My name is Shazia , i have 2 boys 4 and 2.5yrs old. Im 31 and my main concerns about coming to Dubai at present are Finding a school for my 4 year old..and the Driving! Im not the best driver out here in the UK, and i have seen and heard about the driving in dubai, im already having sleepless nights, and i have 6 weeks to wait until i get there lol 

Im currently in Northampton a lovely little town , near Milton Keynes...but am originally from Croydon, surrey. 

I would like to know where everyone learns about , hears about any groups running, where could i take my boys for entertaintment? Like indoor soft play areas etc? Im sure when my husband is at work, and i have the boys until they join a school, im hoping they start Jan 2010 ...i will have to show them around... help them and myself make new friends... 

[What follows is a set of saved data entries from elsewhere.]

(* Let $m\in\mathbb{Z}_{>0}$, let $X\sim\mathrm{Unif}[1:2^m]$ and $Q\sim\mathrm{Bern}(7/8)$ be independent, and let $Y=X$ if $Q=0$, while conditionally on $\{X=x,Q=1\}$, $Y\sim\mathrm{Unif}[1:2^m]$ (independently of $x$). Consider any public discussion $W^N$ between Alice (observing $X$) and Bob (observing $Y$), after which Alice outputs $A\in\{0,1\}$ as a stochastic function of $(X,W^N)$ and Bob outputs $B\in\{0,1\}$ as a stochastic function of $(Y,W^N)$ (using private randomness). Then \[ d_{\mathrm{TV}}\Bigl(p_{A,B,W^N},\ \mathrm{Unif}\{(0,0),(1,1)\}\times p_{W^N}\Bigr)\ \ge\ \sqrt2-1-\tfrac14\approx 0.16. \]
   Context: $[a:b]=\{a,\dots,b\}$; $\mathrm{Bern}(\alpha)$ is the distribution with $p(1)=\alpha$, $p(0)=1-\alpha$; $d_{\mathrm{TV}}(p,q)=\frac12\sum|p-q|$ is total variation distance. Public discussion: Alice and Bob, each with private randomness independent of each other and of $(X,Y,Q)$, exchange public finite-valued messages $W_1,\dots,W_N$, odd-indexed produced by Alice as a stochastic function of $X$ and previous messages, even-indexed by Bob as a stochastic function of $Y$ and previous messages; $N\in\mathbb{Z}_{\ge0}$ may be random and is determined by the discussion. *)

theory Defs
  imports "HOL-Probability.Probability"
begin

definition src_pmf :: "nat \<Rightarrow> (nat \<times> nat) pmf" where
  "src_pmf m = do {
     x \<leftarrow> pmf_of_set {1..2^m};
     q \<leftarrow> bernoulli_pmf (7/8);
     y \<leftarrow> (if q then pmf_of_set {1..2^m} else return_pmf x);
     return_pmf (x, y) }"

text \<open>A public discussion: Alice's message kernel ka (used for odd-indexed
  messages W_1, W_3, ..., i.e. 0-based positions 0,2,...), Bob's kernel kb,
  and a stopping rule st on transcripts (N is the first length at which st holds).\<close>
definition trans_prob ::
  "('x \<Rightarrow> 'w list \<Rightarrow> 'w pmf) \<Rightarrow> ('y \<Rightarrow> 'w list \<Rightarrow> 'w pmf) \<Rightarrow> ('w list \<Rightarrow> bool)
   \<Rightarrow> 'x \<Rightarrow> 'y \<Rightarrow> 'w list \<Rightarrow> real" where
  "trans_prob ka kb st x y w =
     (if st w \<and> (\<forall>k<length w. \<not> st (take k w))
      then (\<Prod>i<length w. pmf (if even i then ka x (take i w) else kb y (take i w)) (w ! i))
      else 0)"

definition joint_ABW ::
  "(nat \<times> nat) pmf \<Rightarrow> (nat \<Rightarrow> 'w list \<Rightarrow> 'w pmf) \<Rightarrow> (nat \<Rightarrow> 'w list \<Rightarrow> 'w pmf)
   \<Rightarrow> ('w list \<Rightarrow> bool) \<Rightarrow> (nat \<Rightarrow> 'w list \<Rightarrow> bool pmf) \<Rightarrow> (nat \<Rightarrow> 'w list \<Rightarrow> bool pmf)
   \<Rightarrow> bool \<times> bool \<times> 'w list \<Rightarrow> real" where
  "joint_ABW p ka kb st oa ob = (\<lambda>(a, b, w).
     measure_pmf.expectation p (\<lambda>(x, y).
        trans_prob ka kb st x y w * pmf (oa x w) a * pmf (ob y w) b))"

definition marg_W :: "(bool \<times> bool \<times> 'w list \<Rightarrow> real) \<Rightarrow> 'w list \<Rightarrow> real" where
  "marg_W P w = (\<Sum>a\<in>UNIV. \<Sum>b\<in>UNIV. P (a, b, w))"

definition unif_agree :: "bool \<times> bool \<Rightarrow> real" where
  "unif_agree ab = (if fst ab = snd ab then 1/2 else 0)"

definition dTV :: "('a \<Rightarrow> real) \<Rightarrow> ('a \<Rightarrow> real) \<Rightarrow> real" where
  "dTV p q = (1/2) * (\<Sum>\<^sub>\<infinity>z\<in>UNIV. \<bar>p z - q z\<bar>)"

end

theory Submission
  imports Defs "HOL-Library.Sublist"
begin

text \<open>
  With probability 7/8 the sources \<open>X\<close> and \<open>Y\<close> are independent, and then the probability
  of a transcript \<open>w\<close> factors as \<open>\<alpha>(x, w) \<beta>(y, w)\<close> (the rectangle property of protocols):
  given \<open>W = w\<close>, the outputs \<open>A\<close> and \<open>B\<close> are independent bits. Writing \<open>p\<close>, \<open>q\<close> for their
  biases, \<open>\<surd>(pq) + \<surd>((1-p)(1-q)) \<le> 1\<close> forces the product law to be at distance at least
  \<open>\<surd>2 - 1\<close> from the uniform law on \<open>{00, 11}\<close>. The component \<open>Y = X\<close> has weight 1/8, and
  its transcript distribution has total mass at most 1 by Kraft's inequality for the
  prefix-free set of halting transcripts; hence it lowers the distance by at most 1/8, and
  \<open>7/8 (\<surd>2 - 1) - 1/8 \<ge> \<surd>2 - 5/4\<close>.
\<close>

definition path_prob :: "('w list \<Rightarrow> 'w pmf) \<Rightarrow> 'w list \<Rightarrow> real" where
  "path_prob K w = (\<Prod>i<length w. pmf (K (take i w)) (w ! i))"

lemma path_prob_nonneg: "0 \<le> path_prob K w"
  unfolding path_prob_def by (simp add: prod_nonneg)

lemma path_prob_Nil [simp]: "path_prob K [] = 1"
  by (simp add: path_prob_def)

lemma path_prob_snoc: "path_prob K (h @ [c]) = path_prob K h * pmf (K h) c"
proof -
  have "(\<Prod>i<length h. pmf (K (take i (h @ [c]))) ((h @ [c]) ! i)) = path_prob K h"
    unfolding path_prob_def by (intro prod.cong) (auto simp: nth_append)
  then show ?thesis by (simp add: path_prob_def prod.lessThan_Suc)
qed

lemma prefix_snoc_iff_nth:
  "prefix (h @ [c]) w \<longleftrightarrow> prefix h w \<and> length h < length w \<and> w ! length h = c"
  by (auto simp: prefix_def nth_append neq_Nil_conv)

lemma sum_pmf_le_1: "finite C \<Longrightarrow> (\<Sum>c\<in>C. pmf M c) \<le> 1"
  using measure_pmf.prob_le_1[of M C] by (simp add: measure_measure_pmf_finite)

lemma sum_path_prob_le_if_subset_singleton: "A \<subseteq> {h} \<Longrightarrow> (\<Sum>w\<in>A. path_prob K w) \<le> path_prob K h"
  using sum_mono2[of "{h}" A "path_prob K"] by (simp add: path_prob_nonneg)

lemma sum_path_prob_extensions_le:
  fixes F :: "'w list set"
  assumes "finite F" and prefix_free: "\<And>u v. u \<in> F \<Longrightarrow> v \<in> F \<Longrightarrow> prefix u v \<Longrightarrow> u = v"
    and "\<And>w. w \<in> F \<Longrightarrow> length w \<le> length h + d"
  shows "(\<Sum>w\<in>{w\<in>F. prefix h w}. path_prob K w) \<le> path_prob K h"
  using assms(3)
proof (induction d arbitrary: h)
  case 0
  then have "{w\<in>F. prefix h w} \<subseteq> {h}" by (force simp: prefix_def)
  then show ?case by (rule sum_path_prob_le_if_subset_singleton)
next
  case (Suc d)
  show ?case
  proof (cases "h \<in> F")
    case True
    then show ?thesis using prefix_free by (intro sum_path_prob_le_if_subset_singleton) auto
  next
    case False
    define E where "E = {w\<in>F. prefix h w}"
    have "finite E" using \<open>finite F\<close> by (simp add: E_def)
    have "length h < length w" if "w \<in> E" for w
      using that False by (auto simp: E_def intro!: prefix_length_less strict_prefixI)
    then have next_eq: "{w\<in>E. w ! length h = c} = {w\<in>F. prefix (h @ [c]) w}" for c
      by (auto simp: E_def prefix_snoc_iff_nth)
    have "(\<Sum>w\<in>E. path_prob K w)
        = (\<Sum>c\<in>(\<lambda>w. w ! length h) ` E. \<Sum>w\<in>{w\<in>E. w ! length h = c}. path_prob K w)"
      using \<open>finite E\<close> by (rule sum.image_gen)
    also have "\<dots> \<le> (\<Sum>c\<in>(\<lambda>w. w ! length h) ` E. path_prob K (h @ [c]))"
      unfolding next_eq using Suc by (intro sum_mono Suc.IH) auto
    also have "\<dots> = path_prob K h * (\<Sum>c\<in>(\<lambda>w. w ! length h) ` E. pmf (K h) c)"
      by (simp add: path_prob_snoc sum_distrib_left)
    also have "\<dots> \<le> path_prob K h"
      using \<open>finite E\<close> by (intro mult_right_le_one_le path_prob_nonneg sum_pmf_le_1 sum_nonneg) auto
    finally show ?thesis by (simp add: E_def)
  qed
qed

corollary sum_path_prob_prefix_free_le_1:
  fixes F :: "'w list set"
  assumes "finite F" "\<And>u v. u \<in> F \<Longrightarrow> v \<in> F \<Longrightarrow> prefix u v \<Longrightarrow> u = v"
  shows "(\<Sum>w\<in>F. path_prob K w) \<le> 1"
  using sum_path_prob_extensions_le[OF assms, of "[]" "Max (length ` F)" K] assms(1) by simp

definition halts :: "('w list \<Rightarrow> bool) \<Rightarrow> 'w list \<Rightarrow> bool" where
  "halts st w \<longleftrightarrow> st w \<and> (\<forall>k<length w. \<not> st (take k w))"

lemma halts_prefix_eq:
  assumes "halts st u" "halts st v" "prefix u v"
  shows "u = v"
proof (rule ccontr)
  assume "u \<noteq> v"
  then have "length u < length v" using assms(3) by (intro prefix_length_less strict_prefixI)
  moreover have "take (length u) v = u" using assms(3) by (auto simp: prefix_def)
  ultimately show False using assms(1,2) unfolding halts_def by metis
qed

lemma trans_prob_eq_path_prob:
  "trans_prob ka kb st x y w
    = (if halts st w then path_prob (\<lambda>h. if even (length h) then ka x h else kb y h) w else 0)"
  unfolding trans_prob_def halts_def path_prob_def by (auto intro!: prod.cong)

lemma sum_trans_prob_le_1: "finite F \<Longrightarrow> (\<Sum>w\<in>F. trans_prob ka kb st x y w) \<le> 1"
proof -
  assume "finite F"
  then have "(\<Sum>w\<in>F. trans_prob ka kb st x y w)
      = (\<Sum>w\<in>{w\<in>F. halts st w}. path_prob (\<lambda>h. if even (length h) then ka x h else kb y h) w)"
    by (simp add: trans_prob_eq_path_prob sum.inter_filter)
  also have "\<dots> \<le> 1"
    using \<open>finite F\<close> halts_prefix_eq by (intro sum_path_prob_prefix_free_le_1) auto
  finally show ?thesis .
qed

text \<open>Alice speaks at the even (0-based) positions. The halting indicator depends on the
  transcript alone, so it may be attached to either factor.\<close>

definition alice_weight ::
    "('x \<Rightarrow> 'w list \<Rightarrow> 'w pmf) \<Rightarrow> ('w list \<Rightarrow> bool) \<Rightarrow> 'x \<Rightarrow> 'w list \<Rightarrow> real" where
  "alice_weight ka st x w =
     (if halts st w then \<Prod>i\<in>{..<length w} \<inter> {i. even i}. pmf (ka x (take i w)) (w ! i) else 0)"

Also as we dont know where we will be living , can i have some opinions on apartments vs villas. Im more leaning towards a villa, because its like a house we are used to, and more private i would imagine? but my husband wants apartment bcos of the free gym, sauna, swimming pool facilities... i'd like to know everyones point of view, but considering i have a small family and kids to think of, which suits better??? what community is better over others? 

the schools i shortlisted are : Jess, DBS, Gems Wellington and Kings. I will try and find a nursery closest to the school i manage to get into... 

Where is the better area to live? I mean close to shops for me to get to easily and nearer to kids facilities too...
Im probably asking too many questions, but u can imagine how im feeling with 6 weeks left to our move!! yep...all over the place, a bit like this post no doubt lol ...

anyway hope to make friends soon...


----------



## happyhour (Aug 11, 2008)

mumofHulk&Spiderman said:


> Hello everyone, i hope to get to know you all soon.
> 
> My name is Shazia , i have 2 boys 4 and 2.5yrs old. Im 31 and my main concerns about coming to Dubai at present are Finding a school for my 4 year old..and the Driving! Im not the best driver out here in the UK, and i have seen and heard about the driving in dubai, im already having sleepless nights, and i have 6 weeks to wait until i get there lol
> 
> ...



Hi Shazia,

So your a mum of Hulk and Spiderman - I am also a mum of spiderman and Bob the Builder. I have 2 boys aged nearly 5 and nearly 2.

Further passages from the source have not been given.